Numerous projects are currently in the pipeline. For instance, a home-based care research project aims to monitor and gain insights into an individual’s health and emotional state through smart sensors deployed at various locations around the home.

“(In the) ageing in place project, we have placed unobtrusive sensing into the elderly home… Their behaviour trajectory is captured by our platform and all these data-driven story-telling will be sent to the caregivers, so it’s a connection to their caregivers and also their children,” said Professor Miao Chun Yan, Thrust Lead (Technology) at Arise.

It takes less than 30 minutes to install these sensors, which have been trialled in five homes.

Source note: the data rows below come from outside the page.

(* Let $v$ be a typical weight and let $X$ be an initial space such that for every $f\in X$ and $0\le r<1$ the function $f_r(z)=f(rz)$ belongs to $X$, and $\sup_{0\le r<1}\|f_r\|_X\le C\|f\|_X$ for a constant $C$ independent of $f$. Let $T$ be an intrinsic operator on $\mathcal{H}(\mathbb{D})$ such that $Tf_r\in H_{v,0}$ for all $f\in X$ and all $0\le r<1$. If $T:X\to H_v$ is weakly compact, then $T:X\to H_{v,0}$ is bounded.
   Context: $\mathcal{H}(\mathbb{D})$ is the space of holomorphic functions on the unit disk $\mathbb{D}$ with the topology $\tau_{uc}$ of uniform convergence on compact subsets. A linear operator $T$ on $\mathcal{H}(\mathbb{D})$ is intrinsic if it maps $\tau_{uc}$-convergent sequences to $\tau_{uc}$-convergent sequences. An initial space is a Banach space $X\subset\mathcal{H}(\mathbb{D})$ containing the polynomials such that every sequence in the closed unit ball of $X$ has a subsequence converging in $\tau_{uc}$ to some function in $X$. A typical weight is a continuous radial $v:\mathbb{D}\to(0,1]$, non-increasing in $|z|$, with $v(z)\to0$ as $|z|\to1$. $H_v=\{f\in\mathcal{H}(\mathbb{D}):\sup_z v(z)|f(z)|<\infty\}$ with that supremum as norm, and $H_{v,0}=\{f:\lim_{|z|\to1}v(z)|f(z)|=0\}$. *)

theory Defs
  imports "HOL-Analysis.Analysis"
begin

text \<open>Elements of H(D) are represented canonically as functions complex => complex
  that are holomorphic on the open unit disc and vanish outside it.\<close>

definition Hol :: "(complex \<Rightarrow> complex) set" where
  "Hol = {f. f holomorphic_on ball 0 1 \<and> (\<forall>z. z \<notin> ball 0 1 \<longrightarrow> f z = 0)}"

definition uc_conv :: "(nat \<Rightarrow> complex \<Rightarrow> complex) \<Rightarrow> (complex \<Rightarrow> complex) \<Rightarrow> bool" where
  "uc_conv fs f \<longleftrightarrow> (\<forall>K. compact K \<and> K \<subseteq> ball 0 1 \<longrightarrow> uniform_limit K fs f sequentially)"

definition lin_op_Hol :: "((complex \<Rightarrow> complex) \<Rightarrow> (complex \<Rightarrow> complex)) \<Rightarrow> bool" where
  "lin_op_Hol T \<longleftrightarrow> (\<forall>f\<in>Hol. T f \<in> Hol) \<and>
     (\<forall>f\<in>Hol. \<forall>g\<in>Hol. \<forall>a b. T (\<lambda>z. a * f z + b * g z) = (\<lambda>z. a * T f z + b * T g z))"

definition intrinsic :: "((complex \<Rightarrow> complex) \<Rightarrow> (complex \<Rightarrow> complex)) \<Rightarrow> bool" where
  "intrinsic T \<longleftrightarrow> lin_op_Hol T \<and>
     (\<forall>fs f. (\<forall>n. fs n \<in> Hol) \<and> f \<in> Hol \<and> uc_conv fs f \<longrightarrow>
        (\<exists>g\<in>Hol. uc_conv (\<lambda>n. T (fs n)) g))"

definition banach_subspace :: "(complex \<Rightarrow> complex) set \<Rightarrow> ((complex \<Rightarrow> complex) \<Rightarrow> real) \<Rightarrow> bool" where
  "banach_subspace X N \<longleftrightarrow> X \<subseteq> Hol \<and> (\<lambda>z. 0) \<in> X \<and>
     (\<forall>f\<in>X. \<forall>g\<in>X. \<forall>a b. (\<lambda>z. a * f z + b * g z) \<in> X) \<and>
     (\<forall>f\<in>X. N f \<ge> 0 \<and> (N f = 0 \<longleftrightarrow> f = (\<lambda>z. 0))) \<and>
     (\<forall>f\<in>X. \<forall>a. N (\<lambda>z. a * f z) = norm a * N f) \<and>
     (\<forall>f\<in>X. \<forall>g\<in>X. N (\<lambda>z. f z + g z) \<le> N f + N g) \<and>
     (\<forall>fs. (\<forall>n. fs n \<in> X) \<and> (\<forall>e>0. \<exists>M. \<forall>m\<ge>M. \<forall>n\<ge>M. N (\<lambda>z. fs m z - fs n z) < e) \<longrightarrow>
        (\<exists>f\<in>X. (\<lambda>n. N (\<lambda>z. fs n z - f z)) \<longlonglongrightarrow> 0))"

definition poly_Hol :: "(complex \<Rightarrow> complex) set" where
  "poly_Hol = {p. \<exists>c :: nat \<Rightarrow> complex. \<exists>n.
      p = (\<lambda>z. if z \<in> ball 0 1 then (\<Sum>k\<le>n. c k * z ^ k) else 0)}"

definition initial_space :: "(complex \<Rightarrow> complex) set \<Rightarrow> ((complex \<Rightarrow> complex) \<Rightarrow> real) \<Rightarrow> bool" where
  "initial_space X N \<longleftrightarrow> banach_subspace X N \<and> poly_Hol \<subseteq> X \<and>
     (\<forall>fs. (\<forall>n. fs n \<in> X \<and> N (fs n) \<le> 1) \<longrightarrow>
        (\<exists>(r :: nat \<Rightarrow> nat) f. strict_mono r \<and> f \<in> X \<and> uc_conv (fs \<circ> r) f))"

definition typical_weight :: "(complex \<Rightarrow> real) \<Rightarrow> bool" where
  "typical_weight v \<longleftrightarrow> continuous_on (ball 0 1) v \<and>
     (\<forall>z\<in>ball 0 1. 0 < v z \<and> v z \<le> 1) \<and>
     (\<forall>z\<in>ball 0 1. \<forall>w\<in>ball 0 1. norm z = norm w \<longrightarrow> v z = v w) \<and>
     (\<forall>z\<in>ball 0 1. \<forall>w\<in>ball 0 1. norm z \<le> norm w \<longrightarrow> v w \<le> v z) \<and>
     (\<forall>e>0. \<exists>d<1. \<forall>z\<in>ball 0 1. d < norm z \<longrightarrow> v z < e)"

definition Hv :: "(complex \<Rightarrow> real) \<Rightarrow> (complex \<Rightarrow> complex) set" where
  "Hv v = {f\<in>Hol. bdd_above ((\<lambda>z. v z * norm (f z)) ` ball 0 1)}"

definition Hv_norm :: "(complex \<Rightarrow> real) \<Rightarrow> (complex \<Rightarrow> complex) \<Rightarrow> real" where
  "Hv_norm v f = (SUP z\<in>ball 0 1. v z * norm (f z))"

definition Hv0 :: "(complex \<Rightarrow> real) \<Rightarrow> (complex \<Rightarrow> complex) set" where
  "Hv0 v = {f\<in>Hol. \<forall>e>0. \<exists>d<1. \<forall>z\<in>ball 0 1. d < norm z \<longrightarrow> v z * norm (f z) < e}"

definition Hv_dual :: "(complex \<Rightarrow> real) \<Rightarrow> ((complex \<Rightarrow> complex) \<Rightarrow> complex) set" where
  "Hv_dual v = {\<phi>. (\<forall>f\<in>Hv v. \<forall>g\<in>Hv v. \<forall>a b. \<phi> (\<lambda>z. a * f z + b * g z) = a * \<phi> f + b * \<phi> g) \<and>
      (\<exists>c. \<forall>f\<in>Hv v. norm (\<phi> f) \<le> c * Hv_norm v f)}"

The team hopes to scale up this project in the following months.

“The elderly tell us that they like our system, because they don’t like video cameras installed and monitor(ing) them because they feel that they do not have the dignity,” said Prof Miao.

Other projects include video games where data can be collected and analysed for various issues like early symptoms of dementia, selective attention, as well as Parkinson’s.

Health Minister Gan Kim Yong, who was present at the launch, said he was encouraged to see local universities take up a multidisciplinary approach towards researching ageing and population health.

“At the end of the day, research findings must be translatable and work on the ground, so that we can reap the real benefits of research,” he said.

At the national level, the Government has been supporting research and innovation on successful ageing in Singapore via the National Innovation Challenge (NIC) on active and confident ageing launched in August last year, as part of the S$3 billion action plan for successful ageing.

Up to S$200 million has been earmarked by the National Research Foundation to fund research on ageing issues.

The first two grant calls on care-at-home innovation and cognition research and innovation have since drawn more than 100 proposals from public and private healthcare providers and institutes of higher learning to date, offering solutions in areas from increasing productivity in home care for seniors to delaying the onset of dementia.

A third grant call under the NIC will be launched later this year. It seeks to find solutions that will help older workers remain employable “for as long as they wish to” through an “Ageless Workplaces” innovation grant, which is supported by the Tripartie Committee on the Employability of Older Workers.

“Through this grant, we hope that innovative solutions will create an impact on our workplaces, so that they can truly become ‘ageless’,” said Mr Gan.